[LU-11670] Incorrect size when using lockahead Created: 15/Nov/18 Updated: 26/Oct/20 Resolved: 04/Oct/19 |
|
| Status: | Resolved |
| Project: | Lustre |
| Component/s: | None |
| Affects Version/s: | None |
| Fix Version/s: | Lustre 2.13.0, Lustre 2.12.4 |
| Type: | Bug | Priority: | Critical |
| Reporter: | Patrick Farrell (Inactive) | Assignee: | Patrick Farrell (Inactive) |
| Resolution: | Fixed | Votes: | 0 |
| Labels: | None | ||
| Issue Links: |
|
||||||||||||||||||||
| Severity: | 3 | ||||||||||||||||||||
| Rank (Obsolete): | 9223372036854775807 | ||||||||||||||||||||
| Description |
|
When running IOR with the patched MPICH to use lockahead, we pretty consistently get size miscompares on some systems, eg:
I've identified the bug and found a fix. During development, Oleg pointed out that it was not necessary to send glimpse callbacks to all locks on a particular resource, but rather we could send one per client, because the client size check is not lock specific - It actually gets the size from the upper layers. This is true, but there is a caveat that went unnoticed: This means that if one client requests, say, two 1 MiB locks, then writes in to the first of them, and another client stats the file, the server will only send a glimpse to the highest lock.* This higher lock has not been used for I/O and therefore does not have l_ast_data set, so the part of the glimpse callback that gets size from clio layers does not run. So the second client will see a file size of zero. *Note that if we wait long enough, the write associated with the first lock will be flushed and the server will have up to date size and will return the correct value to the client. Part of the reason this is timing dependent. The fix is for the client, in the glimpse AST, to walk the granted lock list looking for a lock with l_ast_data set. If none is found, then either no writes actually used these locks, or the object is being destroyed - either way, this client doesn't have useful size information.

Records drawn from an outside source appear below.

lemma Astar_m_Suc:
  "Astar_m f Alg z0 (Suc j) = Ad_m f Alg (Astar_z f Alg z0 j)
     (max (real (Astar_m f Alg z0 j)) (4 * Astar_s f Alg z0 j * real (Astar_m f Alg z0 (j - 1))))"
  by (simp add: Astar_m_def Astar_run_Suc Ad_def Let_def)

lemma Astar_z_Suc:
  "Astar_z f Alg z0 (Suc j) = Ad_x f Alg (Astar_z f Alg z0 j) (Astar_m f Alg z0 (Suc j))"
  by (simp add: Astar_z_def Astar_m_Suc Astar_run_Suc Ad_def Let_def)

locale Astar_run_setting =
  fixes f :: "'a \<Rightarrow> real" and Alg :: "'a \<Rightarrow> nat \<Rightarrow> 'a" and D :: "'a set" and z0 :: 'a
  assumes Alg_in_D: "\<And>x k. x \<in> D \<Longrightarrow> 1 \<le> k \<Longrightarrow> Alg x k \<in> D"
    and z0_in_D: "z0 \<in> D"
    and Ad_terminates: "\<And>r n. r \<in> D \<Longrightarrow> \<exists>k. Ad_stops f Alg r n k"
begin

abbreviation "z \<equiv> Astar_z f Alg z0"
abbreviation "m \<equiv> Astar_m f Alg z0"
abbreviation "s \<equiv> Astar_s f Alg z0"

definition gap :: "nat \<Rightarrow> real" where
  "gap i = f (z i) - f (z (Suc i))"

lemma z_in_D: "z j \<in> D"
proof (induction j)
  case 0
  then show ?case using z0_in_D by (simp add: Astar_z_def)
next
  case (Suc j)
  then show ?case using Alg_in_D by (simp add: Astar_z_Suc Ad_x_in_D)
qed

lemma m_Suc_stops:
  "Ad_stops f Alg (z j) (max (real (m j)) (4 * s j * real (m (j - 1)))) (m (Suc j))"
  unfolding Astar_m_Suc by (rule Ad_m_stops[OF Ad_terminates[OF z_in_D]])

lemma m_ge_1: "1 \<le> m j"
  using m_Suc_stops[of "j - 1"] by (cases j) (auto simp: Astar_m_def Ad_stops_def)

lemma incseq_m: "incseq m"
  using m_Suc_stops by (intro incseq_SucI) (simp add: Ad_stops_def)

lemma four_s_mult_m_le: "4 * s j * real (m (j - 1)) \<le> real (m (Suc j))"
  using m_Suc_stops[of j] by (simp add: Ad_stops_def)

lemma decseq_f_z: "decseq (\<lambda>j. f (z j))"
proof (rule decseq_SucI)
  fix j
  show "f (z (Suc j)) \<le> f (z j)"
    using decseqD[OF decseq_f_Ad_x, of 0 "m (Suc j)" f Alg "z j"] by (simp add: Astar_z_Suc)
qed

lemma s_eq_sqrt_gap:
  assumes "2 \<le> j"
  shows "s j = sqrt (gap (j - 1) / (gap (j - 2) + gap (j - 1)))"
proof -
  have "Suc (j - 1) = j" "Suc (j - 2) = j - 1" using assms by auto
  then show ?thesis using assms by (simp add: Astar_s_def gap_def)
qed

lemma s_pos_and_odds:
  assumes "2 \<le> j" "0 < gap (j - 2)" "0 < gap (j - 1)"
  shows "0 < s j" "1 / (s j)\<^sup>2 - 1 = gap (j - 2) / gap (j - 1)"
  using assms(2,3) by (simp_all add: s_eq_sqrt_gap[OF assms(1)] field_simps)

lemma ln_max_one_four_s_pow4_le:
  assumes "0 \<le> s j"
  shows "ln (max 1 ((4 * s j) ^ 4)) \<le> 4 * (ln (m (Suc j)) - ln (m (j - 1)))"
proof -
  have m_pos: "0 < real (m (j - 1))" using m_ge_1[of "j - 1"] by simp
  have "max 1 (4 * s j) * real (m (j - 1)) \<le> real (m (Suc j))"
    using four_s_mult_m_le[of j] incseqD[OF incseq_m, of "j - 1" "Suc j"] by (auto simp: max_def)
  then have "max 1 (4 * s j) \<le> real (m (Suc j)) / real (m (j - 1))"
    using m_pos by (simp add: le_divide_eq)
  then have "ln (max 1 (4 * s j)) \<le> ln (real (m (Suc j)) / real (m (j - 1)))"
    by (rule ln_mono) simp
  also have "\<dots> = ln (m (Suc j)) - ln (m (j - 1))"
    using m_pos m_ge_1[of "Suc j"] by (simp add: ln_divide_pos)
  finally have "ln (max 1 (4 * s j)) \<le> ln (m (Suc j)) - ln (m (j - 1))" .
  moreover have "0 \<le> 4 * s j" using assms by simp
  then have "ln (max 1 ((4 * s j) ^ 4)) = 4 * ln (max 1 (4 * s j))"
    by (simp only: max_one_power ln_realpow)
  ultimately show ?thesis by simp
qed

lemma s_window_bounds:
  assumes gaps: "\<And>i. i < J \<Longrightarrow> 0 < gap i" and "l + T \<le> J"
    and growth: "real (m (l + 1 + T)) < sqrt 15 * real (m (l + 1))"
    and j: "j \<in> {l+2..l+T}"
  shows "0 < s j \<and> s j \<le> sqrt 15 / 4"
proof -
  have "2 \<le> j" "j - 2 < J" "j - 1 < J" using j assms(2) by auto
  then have s_pos: "0 < s j" using s_pos_and_odds(1) gaps by blast
  have "4 * s j * real (m (l + 1)) \<le> 4 * s j * real (m (j - 1))"
    using s_pos incseqD[OF incseq_m, of "l + 1" "j - 1"] j by (intro mult_left_mono) auto
  also have "\<dots> \<le> real (m (Suc j))" by (rule four_s_mult_m_le)
  also have "\<dots> \<le> real (m (l + 1 + T))" using incseqD[OF incseq_m, of "Suc j" "l + 1 + T"] j by simp
  also have "\<dots> < sqrt 15 * real (m (l + 1))" by (rule growth)
  finally have "4 * s j < sqrt 15" using m_ge_1[of "l + 1"] by simp
  with s_pos show ?thesis by simp
qed

lemma sum_ln_max_window_less:
  assumes "1 \<le> T" and nonneg: "\<And>j. j \<in> {l+2..l+T} \<Longrightarrow> 0 \<le> s j"
    and growth: "real (m (l + 1 + T)) < sqrt 15 * real (m (l + 1))"
  shows "(\<Sum>j = l+2..l+T. ln (max 1 ((4 * s j) ^ 4))) < 4 * ln 15"
proof -
  define g where "g i = ln (real (m i))" for i
  have "incseq g"
  proof (rule incseq_SucI)
    fix i
    show "g i \<le> g (Suc i)"
      using m_ge_1[of i] incseqD[OF incseq_m, of i "Suc i"] by (simp add: g_def)
  qed
  have "(\<Sum>j = l+2..l+T. ln (max 1 ((4 * s j) ^ 4))) \<le> (\<Sum>j = l+2..l+T. 4 * (g (Suc j) - g (j - 1)))"
    by (rule sum_mono) (use nonneg ln_max_one_four_s_pow4_le in \<open>simp add: g_def\<close>)
  also have "\<dots> = 4 * (\<Sum>j = l+2..l+T. g (Suc j) - g (j - 1))"
    by (rule sum_distrib_left[symmetric])
  also have "\<dots> \<le> 4 * (2 * (g (l + 1 + T) - g (l + 1)))"
    using sum_two_step_increments_le[OF \<open>incseq g\<close>, of "l + 1" "l + T"] assms(1)
    by (simp add: numeral_2_eq_2)
  also have "\<dots> < 4 * ln 15"
  proof -
    have "g (l + 1 + T) < ln (sqrt 15 * real (m (l + 1)))"
      using growth m_ge_1[of "l + 1 + T"] by (simp add: g_def)
    also have "\<dots> = ln 15 / 2 + g (l + 1)"
      using m_ge_1[of "l + 1"] by (simp add: g_def ln_mult_pos ln_sqrt)
    finally show ?thesis by simp
  qed
  finally show ?thesis .
qed

lemma sum_ln_odds_window_eq:
  assumes gaps: "\<And>i. i < J \<Longrightarrow> 0 < gap i" and "1 \<le> T" "l + T \<le> J"
  shows "(\<Sum>j = l+2..l+T. ln (1 / (s j)\<^sup>2 - 1)) = ln (gap l) - ln (gap (l + T - 1))"
proof -
  have "(\<Sum>j = l+2..l+T. ln (1 / (s j)\<^sup>2 - 1))
      = (\<Sum>j = Suc (l + 1)..l+T. - ln (gap (j - 1)) - - ln (gap (j - 1 - 1)))"
  proof (rule sum.cong)
    fix j assume j: "j \<in> {Suc (l + 1)..l + T}"
    then have odds: "2 \<le> j" "0 < gap (j - 2)" "0 < gap (j - 1)" using gaps assms(3) by auto
    have "j - 1 - 1 = j - 2" by simp
    moreover have "ln (1 / (s j)\<^sup>2 - 1) = ln (gap (j - 2)) - ln (gap (j - 1))"
      using odds by (simp add: s_pos_and_odds(2) ln_divide_pos)
    ultimately show "ln (1 / (s j)\<^sup>2 - 1) = - ln (gap (j - 1)) - - ln (gap (j - 1 - 1))"
      by simp
  qed simp
  also have "\<dots> = ln (gap l) - ln (gap (l + T - 1))"
    using sum_telescope''[of "l + 1" "l + T" "\<lambda>j. - ln (gap (j - 1))"] assms(2) by simp
  finally show ?thesis .
qed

Patch forthcoming momentarily.
I'll leave this up to WC whether or not this should be a blocker, but it's probably worth considering as one. |
| Comments |
| Comment by Gerrit Updater [ 15/Nov/18 ] |
|
Patrick Farrell (paf@cray.com) uploaded a new patch: https://review.whamcloud.com/33660 |
| Comment by Gerrit Updater [ 20/Sep/19 ] |
|
Oleg Drokin (green@whamcloud.com) merged in patch https://review.whamcloud.com/33660/ |
| Comment by Peter Jones [ 20/Sep/19 ] |
|
Landed for 2.13 |
| Comment by Andreas Dilger [ 25/Sep/19 ] |
|
The new sanityn test_103 is causing intermittent test failures on master since this patch has landed: |
| Comment by Peter Jones [ 25/Sep/19 ] |
|
paf any thoughts? |
| Comment by Andreas Dilger [ 25/Sep/19 ] |
Incorrect size expected (no glimpse fix): Starting test test23 at 1569352103 Finishing test test23 at 1569352106 sanityn test_103: @@@@@@ FAIL: Lockahead test 23 passed with fail_loc set, 0 |
| Comment by Patrick Farrell [ 25/Sep/19 ] |
|
Oh, yuck. I checked a few of those, and they all appear to be ZFS. So presumably it's some sort of very long sync delay, or possibly the ZFS periodic commit interval is triggering in the middle of the test... Can't quite nail what it is right now. But there's an easy way out.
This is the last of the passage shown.